Work to be completed =
Restate, word for word, the lines from the opening line of the data through the line containing "by (simp add: indicator_def)", both included, and nothing else.

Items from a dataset

lemma PiM_power_count_Hoeffding:
  assumes Q: "prob_space Q" and I: "finite I" "I \<noteq> {}" and S: "S \<in> sets Q" and e: "0 \<le> e"
  shows "measure (PiM I (\<lambda>_. Q))
      {vs \<in> space (PiM I (\<lambda>_. Q)). real (card I) * measure Q S + e \<le> (\<Sum>k\<in>I. indicator S (vs k))}
    \<le> exp (- 2 * e\<^sup>2 / real (card I))"
proof -
  interpret product_prob_space "\<lambda>_. Q" I
    using Q by (rule product_prob_space_power)
  interpret Hoeffding_ineq "PiM I (\<lambda>_. Q)" I "\<lambda>k vs. indicator S (vs k)" "\<lambda>_. 0" "\<lambda>_. 1"
      "real (card I) * measure Q S"
  proof unfold_locales
    show "P.indep_vars (\<lambda>_. borel) (\<lambda>k vs. indicator S (vs k)) I"
      using S by (intro P.indep_vars_compose2[OF indep_vars_PiM_power_coordinates[OF Q I(2)]]) auto
    show "real (card I) * measure Q S \<equiv> \<Sum>k\<in>I. P.expectation (\<lambda>vs. indicator S (vs k))"
      using integral_PiM_power_indicator_coordinate[OF Q S, of _ I] by simp
    show "AE vs in PiM I (\<lambda>_. Q). indicator S (vs k) \<in> {0..1::real}" for k
      by (simp add: indicator_def)
  qed (rule I(1))
  have "(\<Sum>k\<in>I. (1 - 0 :: real)\<^sup>2) = real (card I)"
    by simp
  moreover have "real (card I) > 0"
    using I by (simp add: card_gt_0_iff)
  ultimately show ?thesis
    using Hoeffding_ineq_ge[OF e] by simp
qed

lemma measure_pair_eq_integral_sections:
  assumes P: "prob_space P" and R: "prob_space R" and E: "E \<in> sets (P \<Otimes>\<^sub>M R)"
  shows "integrable P (\<lambda>x. measure R (Pair x -` E))"
    and "measure (P \<Otimes>\<^sub>M R) E = (\<integral>x. measure R (Pair x -` E) \<partial>P)"
proof -
  interpret P: prob_space P by fact
  interpret R: prob_space R by fact
  interpret PR: prob_space "P \<Otimes>\<^sub>M R" by (intro prob_space_pair P R)
  have meas: "(\<lambda>x. measure R (Pair x -` E)) \<in> borel_measurable P"
    unfolding R.emeasure_eq_measure[symmetric] measure_def
    using R.measurable_emeasure_Pair[OF E] by measurable
  then show int: "integrable P (\<lambda>x. measure R (Pair x -` E))"
    by (intro P.integrable_const_bound[where B = 1]) auto
  have "ennreal (measure (P \<Otimes>\<^sub>M R) E) = (\<integral>\<^sup>+x. ennreal (measure R (Pair x -` E)) \<partial>P)"
    using R.emeasure_pair_measure_alt[OF E] by (simp add: PR.emeasure_eq_measure R.emeasure_eq_measure)
  also have "\<dots> = ennreal (\<integral>x. measure R (Pair x -` E) \<partial>P)"
    using int by (intro nn_integral_eq_integral) auto
  finally show "measure (P \<Otimes>\<^sub>M R) E = (\<integral>x. measure R (Pair x -` E) \<partial>P)"
    by (simp add: ennreal_inj)
qed

section \<open>Bootstrap p-values\<close>

lemma boot_pval_gt_iff_count:
  "c < boot_pval m tb t \<longleftrightarrow> c * (real m + 1) - 1/2 < (\<Sum>k\<in>{1..m}. if t \<le> tb k then 1 else 0)"
  unfolding boot_pval_def by (simp add: field_simps)

lemma boot_pval_in_unit_interval: "boot_pval m tb t \<in> {0<..<1}"
proof -
  have "(\<Sum>k\<in>{1..m}. if t \<le> tb k then 1 else 0 :: real) \<le> real m"
    using sum_mono[of "{1..m}" "\<lambda>k. if t \<le> tb k then 1 else 0 :: real" "\<lambda>_. 1"] by simp
  moreover have "0 \<le> (\<Sum>k\<in>{1..m}. if t \<le> tb k then 1 else 0 :: real)"
    by (rule sum_nonneg) simp
  ultimately show ?thesis
    unfolding boot_pval_def by (simp add: field_simps)
qed

lemma boot_pval_gt_eq_count_gt:
  "{vs \<in> space (PiM {1..m} (\<lambda>_. Q)). c < boot_pval m (\<lambda>k. f (vs k)) t}
   = {vs \<in> space (PiM {1..m} (\<lambda>_. Q)).
       c * (real m + 1) - 1/2 < (\<Sum>k\<in>{1..m}. indicator {v \<in> space Q. t \<le> f v} (vs k))}"
proof -
  have "(\<Sum>k\<in>{1..m}. indicator {v \<in> space Q. t \<le> f v} (vs k)) = (\<Sum>k\<in>{1..m}. if t \<le> f (vs k) then 1 else 0 :: real)"
    if "vs \<in> space (PiM {1..m} (\<lambda>_. Q))" for vs
    using that by (intro sum.cong refl) (auto simp: space_PiM indicator_def)
  then show ?thesis
    by (auto simp: boot_pval_gt_iff_count)
qed

lemma boot_pval_gt_Markov:
  assumes Q: "prob_space Q" and f: "f \<in> borel_measurable Q" and d: "0 < c * (real m + 1) - 1/2"
  shows "measure (PiM {1..m} (\<lambda>_. Q)) {vs \<in> space (PiM {1..m} (\<lambda>_. Q)). c < boot_pval m (\<lambda>k. f (vs k)) t}
    \<le> real m * measure Q {v \<in> space Q. t \<le> f v} / (c * (real m + 1) - 1/2)"
proof -
  interpret product_prob_space "\<lambda>_. Q" "{1..m}"
    using Q by (rule product_prob_space_power)
  have S: "{v \<in> space Q. t \<le> f v} \<in> sets Q"
    using f by measurable
  have "measure (PiM {1..m} (\<lambda>_. Q)) {vs \<in> space (PiM {1..m} (\<lambda>_. Q)). c < boot_pval m (\<lambda>k. f (vs k)) t}
      \<le> measure (PiM {1..m} (\<lambda>_. Q)) {vs \<in> space (PiM {1..m} (\<lambda>_. Q)).
          c * (real m + 1) - 1/2 \<le> (\<Sum>k\<in>{1..m}. indicator {v \<in> space Q. t \<le> f v} (vs k))}"
    unfolding boot_pval_gt_eq_count_gt using S by (intro P.finite_measure_mono) auto
  also have "\<dots> \<le> real m * measure Q {v \<in> space Q. t \<le> f v} / (c * (real m + 1) - 1/2)"
    using PiM_power_count_Markov[OF Q _ S d, of "{1..m}"] by simp
  finally show ?thesis .
qed

lemma boot_pval_gt_Hoeffding:
  assumes Q: "prob_space Q" and f: "f \<in> borel_measurable Q" and m: "1 \<le> m"
    and b: "measure Q {v \<in> space Q. t \<le> f v} \<le> b" and e: "0 \<le> c * (real m + 1) - 1/2 - real m * b"
  shows "measure (PiM {1..m} (\<lambda>_. Q)) {vs \<in> space (PiM {1..m} (\<lambda>_. Q)). c < boot_pval m (\<lambda>k. f (vs k)) t}
    \<le> exp (- 2 * (c * (real m + 1) - 1/2 - real m * b)\<^sup>2 / real m)"
proof -
  interpret product_prob_space "\<lambda>_. Q" "{1..m}"
    using Q by (rule product_prob_space_power)
  let ?q = "measure Q {v \<in> space Q. t \<le> f v}"
  let ?e = "c * (real m + 1) - 1/2 - real m * b"
  let ?e' = "c * (real m + 1) - 1/2 - real m * ?q"
  have S: "{v \<in> space Q. t \<le> f v} \<in> sets Q"
    using f by measurable
  have e': "?e \<le> ?e'"
    using b by (simp add: mult_left_mono)
  then have "0 \<le> ?e'"
    using e by linarith
  have "measure (PiM {1..m} (\<lambda>_. Q)) {vs \<in> space (PiM {1..m} (\<lambda>_. Q)). c < boot_pval m (\<lambda>k. f (vs k)) t}
      \<le> measure (PiM {1..m} (\<lambda>_. Q)) {vs \<in> space (PiM {1..m} (\<lambda>_. Q)).
          real (card {1..m}) * ?q + ?e' \<le> (\<Sum>k\<in>{1..m}. indicator {v \<in> space Q. t \<le> f v} (vs k))}"
    unfolding boot_pval_gt_eq_count_gt using S by (intro P.finite_measure_mono) auto
  also have "\<dots> \<le> exp (- 2 * ?e'\<^sup>2 / real (card {1..m}))"
    using m \<open>0 \<le> ?e'\<close> by (intro PiM_power_count_Hoeffding[OF Q _ _ S]) auto
  also have "\<dots> \<le> exp (- 2 * ?e\<^sup>2 / real m)"
    using e e' m by (simp add: divide_right_mono power_mono)
  finally show ?thesis .
qed

lemma borel_measurable_boot_pval:
  assumes T: "T \<in> borel_measurable P" and Tb: "(\<lambda>(x, v). Tb x v) \<in> borel_measurable (P \<Otimes>\<^sub>M Q)"
  shows "(\<lambda>(x, vs). boot_pval m (\<lambda>k. Tb x (vs k)) (T x)) \<in> borel_measurable (P \<Otimes>\<^sub>M PiM {1..m} (\<lambda>_. Q))"
proof -
  have "(\<lambda>(x, vs). Tb x (vs k)) \<in> borel_measurable (P \<Otimes>\<^sub>M PiM {1..m} (\<lambda>_. Q))" if "k \<in> {1..m}" for k
  proof -
    have "(\<lambda>(x, vs). (x, vs k)) \<in> measurable (P \<Otimes>\<^sub>M PiM {1..m} (\<lambda>_. Q)) (P \<Otimes>\<^sub>M Q)"
      using that by measurable
    from measurable_comp[OF this Tb] show ?thesis
      by (simp add: comp_def case_prod_beta)
  qed
  then show ?thesis
    using T unfolding boot_pval_def case_prod_beta by measurable
qed

lemma sets_boot_pval_gt:
  assumes "T \<in> borel_measurable P" and "(\<lambda>(x, v). Tb x v) \<in> borel_measurable (P \<Otimes>\<^sub>M Q)"
  shows "{(x, vs) \<in> space (P \<Otimes>\<^sub>M PiM {1..m} (\<lambda>_. Q)). c < boot_pval m (\<lambda>k. Tb x (vs k)) (T x)}
    \<in> sets (P \<Otimes>\<^sub>M PiM {1..m} (\<lambda>_. Q))"
proof -
  have "{(x, vs) \<in> space (P \<Otimes>\<^sub>M PiM {1..m} (\<lambda>_. Q)). c < boot_pval m (\<lambda>k. Tb x (vs k)) (T x)}
    = {z \<in> space (P \<Otimes>\<^sub>M PiM {1..m} (\<lambda>_. Q)). c < (\<lambda>(x, vs). boot_pval m (\<lambda>k. Tb x (vs k)) (T x)) z}"
    by auto
  also have "\<dots> \<in> sets (P \<Otimes>\<^sub>M PiM {1..m} (\<lambda>_. Q))"
    using borel_measurable_boot_pval[OF assms, of m] by measurable
  finally show ?thesis .
qed

lemma measure_boot_pval_gt_Markov:
  assumes P: "prob_space P" and Q: "prob_space Q" and T: "T \<in> borel_measurable P"
    and Tb: "(\<lambda>(x, v). Tb x v) \<in> borel_measurable (P \<Otimes>\<^sub>M Q)" and d: "0 < c * (real m + 1) - 1/2"
  shows "measure (P \<Otimes>\<^sub>M PiM {1..m} (\<lambda>_. Q))
      {(x, vs) \<in> space (P \<Otimes>\<^sub>M PiM {1..m} (\<lambda>_. Q)). c < boot_pval m (\<lambda>k. Tb x (vs k)) (T x)}
    \<le> real m / (c * (real m + 1) - 1/2) * measure (P \<Otimes>\<^sub>M Q) {(x, v) \<in> space (P \<Otimes>\<^sub>M Q). T x \<le> Tb x v}"
    (is "measure _ ?E \<le> ?C * measure _ ?S")
proof -
  have R: "prob_space (PiM {1..m} (\<lambda>_. Q))"
    using Q by (intro prob_space_PiM)
  have E: "?E \<in> sets (P \<Otimes>\<^sub>M PiM {1..m} (\<lambda>_. Q))"
    by (rule sets_boot_pval_gt[OF T Tb])
  have "?S = {z \<in> space (P \<Otimes>\<^sub>M Q). T (fst z) \<le> (\<lambda>(x, v). Tb x v) z}"
    by auto
  also have "\<dots> \<in> sets (P \<Otimes>\<^sub>M Q)"
    using T Tb by measurable
  finally have S: "?S \<in> sets (P \<Otimes>\<^sub>M Q)" .
  have "measure (P \<Otimes>\<^sub>M PiM {1..m} (\<lambda>_. Q)) ?E = (\<integral>x. measure (PiM {1..m} (\<lambda>_. Q)) (Pair x -` ?E) \<partial>P)"
    by (rule measure_pair_eq_integral_sections(2)[OF P R E])
  also have "\<dots> \<le> (\<integral>x. ?C * measure Q (Pair x -` ?S) \<partial>P)"
  proof (rule integral_mono)
    fix x assume x: "x \<in> space P"
    have "Pair x -` ?E = {vs \<in> space (PiM {1..m} (\<lambda>_. Q)). c < boot_pval m (\<lambda>k. Tb x (vs k)) (T x)}"
      "Pair x -` ?S = {v \<in> space Q. T x \<le> Tb x v}"
      using x by (auto simp: space_pair_measure)
    then show "measure (PiM {1..m} (\<lambda>_. Q)) (Pair x -` ?E) \<le> ?C * measure Q (Pair x -` ?S)"
      using boot_pval_gt_Markov[OF Q _ d, of "Tb x" "T x"] measurable_Pair2[OF Tb x] by simp
  qed (intro measure_pair_eq_integral_sections(1)[OF P R E] integrable_mult_right
      measure_pair_eq_integral_sections(1)[OF P Q S])+
  also have "\<dots> = ?C * measure (P \<Otimes>\<^sub>M Q) ?S"
    by (simp add: measure_pair_eq_integral_sections(2)[OF P Q S])
  finally show ?thesis .
qed

lemma measure_boot_pval_gt_Hoeffding:
  assumes P: "prob_space P" and Q: "prob_space Q" and T: "T \<in> borel_measurable P"
    and Tb: "(\<lambda>(x, v). Tb x v) \<in> borel_measurable (P \<Otimes>\<^sub>M Q)"
    and B: "B \<in> sets P" and m: "1 \<le> m" and e: "0 \<le> c * (real m + 1) - 1/2 - real m * b"
    and b: "\<And>x. x \<in> space P \<Longrightarrow> x \<notin> B \<Longrightarrow> measure Q {v \<in> space Q. T x \<le> Tb x v} \<le> b"
  shows "measure (P \<Otimes>\<^sub>M PiM {1..m} (\<lambda>_. Q))
      {(x, vs) \<in> space (P \<Otimes>\<^sub>M PiM {1..m} (\<lambda>_. Q)). c < boot_pval m (\<lambda>k. Tb x (vs k)) (T x)}
    \<le> measure P B + exp (- 2 * (c * (real m + 1) - 1/2 - real m * b)\<^sup>2 / real m)"
    (is "measure _ ?E \<le> measure P B + ?d")
proof -
  interpret P: prob_space P by fact
  have R: "prob_space (PiM {1..m} (\<lambda>_. Q))"
    using Q by (intro prob_space_PiM)
  interpret R: prob_space "PiM {1..m} (\<lambda>_. Q)" by fact
  have intB: "integrable P (indicator B :: _ \<Rightarrow> real)"
    using B by (simp add: P.emeasure_eq_measure)
  have E: "?E \<in> sets (P \<Otimes>\<^sub>M PiM {1..m} (\<lambda>_. Q))"
    by (rule sets_boot_pval_gt[OF T Tb])
  have "measure (P \<Otimes>\<^sub>M PiM {1..m} (\<lambda>_. Q)) ?E = (\<integral>x. measure (PiM {1..m} (\<lambda>_. Q)) (Pair x -` ?E) \<partial>P)"
    by (rule measure_pair_eq_integral_sections(2)[OF P R E])
  also have "\<dots> \<le> (\<integral>x. indicator B x + ?d \<partial>P)"
  proof (rule integral_mono)
    fix x assume x: "x \<in> space P"
    have sec: "Pair x -` ?E = {vs \<in> space (PiM {1..m} (\<lambda>_. Q)). c < boot_pval m (\<lambda>k. Tb x (vs k)) (T x)}"
      using x by (auto simp: space_pair_measure)
    show "measure (PiM {1..m} (\<lambda>_. Q)) (Pair x -` ?E) \<le> indicator B x + ?d"
    proof (cases "x \<in> B")
      case True
      then show ?thesis
        by (intro order.trans[OF R.prob_le_1]) simp
    next
      case False
      then show ?thesis
        using boot_pval_gt_Hoeffding[OF Q _ m b[OF x False] e] measurable_Pair2[OF Tb x] sec by simp
    qed
  qed (use measure_pair_eq_integral_sections(1)[OF P R E] B intB in \<open>auto intro!: Bochner_Integration.integrable_add\<close>)
  also have "\<dots> = measure P B + ?d"
    using B intB by (subst Bochner_Integration.integral_add) (auto simp: P.prob_space)
  finally show ?thesis .
qed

Written solution =
lemma PiM_power_count_Hoeffding:
  assumes Q: "prob_space Q" and I: "finite I" "I \<noteq> {}" and S: "S \<in> sets Q" and e: "0 \<le> e"
  shows "measure (PiM I (\<lambda>_. Q))
      {vs \<in> space (PiM I (\<lambda>_. Q)). real (card I) * measure Q S + e \<le> (\<Sum>k\<in>I. indicator S (vs k))}
    \<le> exp (- 2 * e\<^sup>2 / real (card I))"
proof -
  interpret product_prob_space "\<lambda>_. Q" I
    using Q by (rule product_prob_space_power)
  interpret Hoeffding_ineq "PiM I (\<lambda>_. Q)" I "\<lambda>k vs. indicator S (vs k)" "\<lambda>_. 0" "\<lambda>_. 1"
      "real (card I) * measure Q S"
  proof unfold_locales
    show "P.indep_vars (\<lambda>_. borel) (\<lambda>k vs. indicator S (vs k)) I"
      using S by (intro P.indep_vars_compose2[OF indep_vars_PiM_power_coordinates[OF Q I(2)]]) auto
    show "real (card I) * measure Q S \<equiv> \<Sum>k\<in>I. P.expectation (\<lambda>vs. indicator S (vs k))"
      using integral_PiM_power_indicator_coordinate[OF Q S, of _ I] by simp
    show "AE vs in PiM I (\<lambda>_. Q). indicator S (vs k) \<in> {0..1::real}" for k
      by (simp add: indicator_def)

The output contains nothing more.